Portanto, um erro grave na gestão da crise, foi o governo dar ressarcimento às distribuidoras pela perda de receita na crise, em nome do equilíbrio econômico-financeiro da concessão. Este deve ser mantido no médio e longo prazo mas não em meio à crise, entre cujas causadoras estão as próprias distribuidoras, que tinham a obrigação de promover os investimentos, seja para gerarem elas próprias a energia no limite permitido pela regulamentação, seja atraindo produtores independentes. Na gestão da crise o governo cedeu primeiro ao conceder a elas recursos do BNDES e depois ao aumentar as tarifas dos consumidores para compensar as mesmas.
Na gestão da crise três planos foram elaborados pelo governo, para as medidas ad hoc da Câmara de Gestão: O Plano de Termelétricas Prioritárias, o Programa de Energia Emergencial e o Plano de Revitalização do Modelo do Setor Elétrico. O primeiro deles foi emitido à véspera da crise, ainda pelo ministro Tourinho. O governo e as empresas elétricas ainda negavam a crise, enquanto alguns técnicos e professor viam com clareza que os reservatórios vinham se esvaziando progressivamente e as termelétricas a gás não saíam do papel, com raras exceções, a maioria por iniciativa da Petrobras.
O Programa Emergencial foi a pior solução para permitir a suspensão do racionamento agora, dado o seu custo altíssimo, coberto por um seguro contra a interrupção da energia, a que estava já incluída na tarifa, tornando-se uma dupla cobrança ao consumidor, ética e jurídicamente indefensável. Serão usados grupos geradores diesel, combustível impróprio para geração em larga escala, a um preço de R$ 280/MWh, enquanto Furnas vende sua energia a cerca de R$ 50/MWh.

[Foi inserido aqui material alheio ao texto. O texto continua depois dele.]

(* Let $\alpha$ be irrational with convergents $p_k/q_k$. For integers $k \ge 1$ and $0 \le M <q_k$ define \[ B_{k,M}(x)= \log \frac{P_M (\alpha, (-1)^k x/q_k)}{P_M (p_k/q_k, (-1)^k x/q_k)} - \sum_{n=1}^M \sin (\pi n \| q_k \alpha \| /q_k ) \cot \left( \pi \frac{n (-1)^k p_k+x}{q_k} \right) . \] Then \[ \log P_{q_k}(\alpha, (-1)^k x/q_k) = \log \left( |2 \sin (\pi (\| q_k \alpha \| + x/q_k))| \frac{|\sin (\pi x)|}{|\sin (\pi x/q_k)|} \right) + V_k (x) + B_{k,q_k-1}(x) , \] with the convention $|\sin (\pi x)| / |\sin (\pi x /q_k)| =q_k$ when $x/q_k \in \mathbb{Z}$.
   Context: $P_N(\beta,x)=\prod_{n=1}^N|2\sin(\pi(n\beta+x))|$. $p_k/q_k=[a_0;a_1,\dots,a_k]$ are the convergents of $\alpha=[a_0;a_1,\dots]$; $\|y\|$ is distance to nearest integer. $V_k(x)=\sum_{n=1}^{q_k-1} \sin (\pi n \| q_k \alpha \| /q_k) \cot \left( \pi \frac{n(-1)^k p_k+x}{q_k} \right)$. *)

theory Defs
  imports "HOL-Analysis.Analysis"
begin

definition Pprod :: "nat \<Rightarrow> real \<Rightarrow> real \<Rightarrow> real" where
  "Pprod N \<beta> x = (\<Prod>n\<in>{1..N}. \<bar>2 * sin (pi * (real n * \<beta> + x))\<bar>)"

definition dist_int :: "real \<Rightarrow> real" where
  "dist_int y = min (frac y) (1 - frac y)"

fun cf_rem :: "real \<Rightarrow> nat \<Rightarrow> real" where
  "cf_rem \<alpha> 0 = \<alpha>"
| "cf_rem \<alpha> (Suc k) = 1 / frac (cf_rem \<alpha> k)"

definition cf_a :: "real \<Rightarrow> nat \<Rightarrow> int" where
  "cf_a \<alpha> k = \<lfloor>cf_rem \<alpha> k\<rfloor>"

text \<open>Convergents p_k/q_k: p_{-1}=1, q_{-1}=0, p_0=a_0, q_0=1,
  p_k = a_k p_{k-1} + p_{k-2}, q_k = a_k q_{k-1} + q_{k-2}.\<close>
fun conv_p :: "real \<Rightarrow> nat \<Rightarrow> int" where
  "conv_p \<alpha> 0 = cf_a \<alpha> 0"
| "conv_p \<alpha> (Suc 0) = cf_a \<alpha> 1 * cf_a \<alpha> 0 + 1"
| "conv_p \<alpha> (Suc (Suc k)) = cf_a \<alpha> (Suc (Suc k)) * conv_p \<alpha> (Suc k) + conv_p \<alpha> k"

fun conv_q :: "real \<Rightarrow> nat \<Rightarrow> int" where
  "conv_q \<alpha> 0 = 1"
| "conv_q \<alpha> (Suc 0) = cf_a \<alpha> 1"
| "conv_q \<alpha> (Suc (Suc k)) = cf_a \<alpha> (Suc (Suc k)) * conv_q \<alpha> (Suc k) + conv_q \<alpha> k"

definition Vk :: "real \<Rightarrow> nat \<Rightarrow> real \<Rightarrow> real" where
  "Vk \<alpha> k x = (let p = conv_p \<alpha> k; q = conv_q \<alpha> k in
     (\<Sum>n\<in>{1..<nat q}. sin (pi * real n * dist_int (real_of_int q * \<alpha>) / real_of_int q)
        * cot (pi * (real n * (-1)^k * real_of_int p + x) / real_of_int q)))"

definition Bkm :: "real \<Rightarrow> nat \<Rightarrow> nat \<Rightarrow> real \<Rightarrow> real" where
  "Bkm \<alpha> k M x = (let p = conv_p \<alpha> k; q = conv_q \<alpha> k in
     ln (Pprod M \<alpha> ((-1)^k * x / real_of_int q)
         / Pprod M (real_of_int p / real_of_int q) ((-1)^k * x / real_of_int q))
     - (\<Sum>n\<in>{1..M}. sin (pi * real n * dist_int (real_of_int q * \<alpha>) / real_of_int q)
        * cot (pi * (real n * (-1)^k * real_of_int p + x) / real_of_int q)))"

definition sin_ratio :: "real \<Rightarrow> real \<Rightarrow> real" where
  "sin_ratio q x = (if x / q \<in> \<int> then q else \<bar>sin (pi * x)\<bar> / \<bar>sin (pi * x / q)\<bar>)"

end

theory Submission
  imports Defs "HOL-Computational_Algebra.Polynomial" "HOL-Number_Theory.Modular_Inverse"
begin

text \<open>
  Write q = q_k, p = p_k and y = (-1)^k x / q. The last factor of P_q(alpha, y) is
  |2 sin(pi (q alpha + y))|, and since q alpha = p + (-1)^k ||q alpha|| it equals
  |2 sin(pi (||q alpha|| + x/q))|. By definition V_k + B_{k,q-1} is the logarithm of
  P_{q-1}(alpha, y) / P_{q-1}(p/q, y), so it remains to evaluate the rational product.
  As p is coprime to q, the points n p / q (1 <= n < q) run modulo 1 through all j / q, and
  with w = e(x/q) the product becomes prod_{j=1}^{q-1} |1 - w e(j/q)| = |1 + w + ... + w^(q-1)|,
  which is |sin(pi x)| / |sin(pi x/q)|, or q when w = 1.
\<close>

section \<open>Roots of unity and products of sines\<close>

definition unity_root :: "nat \<Rightarrow> nat \<Rightarrow> complex" where
  "unity_root n j = cis (2 * pi * real j / real n)"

O terceiro, o Plano de Revitalização, foi inicialmente divulgado como uma aceitação das críticas à privatização do setor, ao contrário do que o Presidente manifestou. Mas logo depois tomou a forma de nada mais nada menos que 33 medidas, umas boas outras más, algumas contraditórias entre si, várias inexplicáveis. Tais medidas não resolvem o nó do gás natural importado em dólares para gerar eletricidade paga em reais, em contratos take or pay. No futuro poderemos jogar água fora das hidrelétricas enquanto geramos energia com gás importado.